Brussel (ANTARA News) - Uni Eropa (EU) akan memperpanjang sanksi untuk enam bulan berikutnya bagi warga Ukraina dan Rusia yang dituduh menyokong para pemberontak pro-Moskow, yang berperang untuk mendapatkan kemerdekaan dari Kiev, kata sumber-sumber EU, Rabu.

"Ada perjanjian politik (para pejabat) sepakat untuk memperpanjang sanksi-sanksi selama enam bulan hingga Maret tahun depan," kata seorang sumber kepada AFP setelah berlangsungnya pertemuan para diplomat negara-negara Uni Eropa untuk membahas sanksi.

Sumber-sumber mengatakan negara-negara anggota EU diperkirakan akan secara resmi mengesahkan keputusan itu menjelang berakhirnya sanksi seperti dijadwalkan, yaitu 15 September.

Kelompok beranggotakan 28 negara itu telah menerapkan pembekuan aset serta larangan bepergian terhadap sekitar 150 orang serta hampir 40 entitas atas peranan mereka di Ukraina timur. Langkah itu membuat Moskow bereaksi keras. Rusia menerapkan larangan impor makanan dan barang-barang lainnya dari EU.

Di antara daftar pihak yang mendapat perpanjangan sanksi adalah sosok-sosok penting gerakan separatis di Ukraina timur serta rekanan-rekanan bisnis Presiden Rusia Vladimir Putin.

Putin telah berkali-kali menyatakan bahwa sanksi-sanksi itu tidak efektif dan kontraproduktif dengan upaya perdamaian namun sanksi secara jelas memberikan dampak terhadap perekonomian Rusia yang memang sudah lambat.

Selain sanksi-sanksi individual, Uni Eropa sudah menghantam Rusia dengan sanksi ekonomi yang lebih merusak sektor pertahanan, keuangan dan energi negara itu.
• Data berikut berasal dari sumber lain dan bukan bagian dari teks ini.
(* Pull-back by Q of the Levi-Civita connection of (V,g), applied in direction \<partial>_a
   to a section s of the pulled-back (trivial) bundle:
   (Q^* \<nabla>)_{\<partial>_a} s = \<partial>_a s + \<Gamma>_{Q(x)}(\<partial>_a Q, s). *)
definition pullback_LC :: "'v::real_normed_vector set \<Rightarrow> ('v \<Rightarrow> 'v \<Rightarrow> 'v \<Rightarrow> real)
      \<Rightarrow> (real^'n::finite \<Rightarrow> 'v) \<Rightarrow> (real^'n \<Rightarrow> 'v) \<Rightarrow> 'n \<Rightarrow> real^'n \<Rightarrow> 'v" where
  "pullback_LC V g Q s a x = pd a s x + christoffel V g (Q x) (pd a Q x) (s x)"

definition Sym2 :: "(real^'n^'n::finite) set" where
  "Sym2 = {A. transpose A = A}"

definition gS2 :: "real^'n^'n::finite \<Rightarrow> real^'n^'n \<Rightarrow> real^'n^'n \<Rightarrow> real" where
  "gS2 q A B = (1/4) * (\<Sum>k\<in>UNIV. \<Sum>l\<in>UNIV. \<Sum>r\<in>UNIV. \<Sum>s\<in>UNIV.
       matrix_inv q $ k $ l * matrix_inv q $ r $ s * A $ k $ r * B $ s $ l)"

definition potF :: "(real^'n::finite \<Rightarrow> real) \<Rightarrow> real^'n \<Rightarrow> real" where
  "potF Vol x = - 3 * ln (Vol x)"

definition Gmet :: "(real^'n::finite \<Rightarrow> real) \<Rightarrow> real^'n \<Rightarrow> real^'n \<Rightarrow> real^'n \<Rightarrow> real" where
  "Gmet F x u v = (\<Sum>k\<in>UNIV. \<Sum>l\<in>UNIV. pd k (pd l F) x * u $ k * v $ l)"

definition Yukawa :: "(real^'n::finite \<Rightarrow> real) \<Rightarrow> real^'n \<Rightarrow> 'n \<Rightarrow> 'n \<Rightarrow> 'n \<Rightarrow> real" where
  "Yukawa F x a b c = (1/2) * pd a (pd b (pd c F)) x"

definition nablaG :: "(real^'n::finite \<Rightarrow> real) \<Rightarrow> real^'n \<Rightarrow> 'n \<Rightarrow> 'n \<Rightarrow> real^'n" where
  "nablaG F x a b = christoffel UNIV (Gmet F) x (axis a 1) (axis b 1)"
Pada Juni, para menteri luar negeri EU sepakat untuk memperpanjang sanksi sektor ekonomi tersebut hingga Januari 2016. Sementara itu, sanksi-sanksi terpisah terhadap mereka yang bertanggung jawab mendukung pencaplokan Rusia atas Krimea pada 2014 diperpanjang hingga Juni tahun depan.

EU bersikeras bahwa pihaknya tidak akan menghentikan sanksi sampai Rusia menerapkan secara penuh kesepakatan gencatan senjata, yang ditandatanganinya hingga Februari tahun ini dengan Kiev.

Pemberontak dan pasukan pemerintah telah berulang kali menuding lawan-lawan mereka melanggar persetujuan itu sementara laporan para pemantau internasional mengungkapkan adanya pelanggaran setiap hari dan bahwa jumlah korban tewas melambung menjadi 7.000 orang.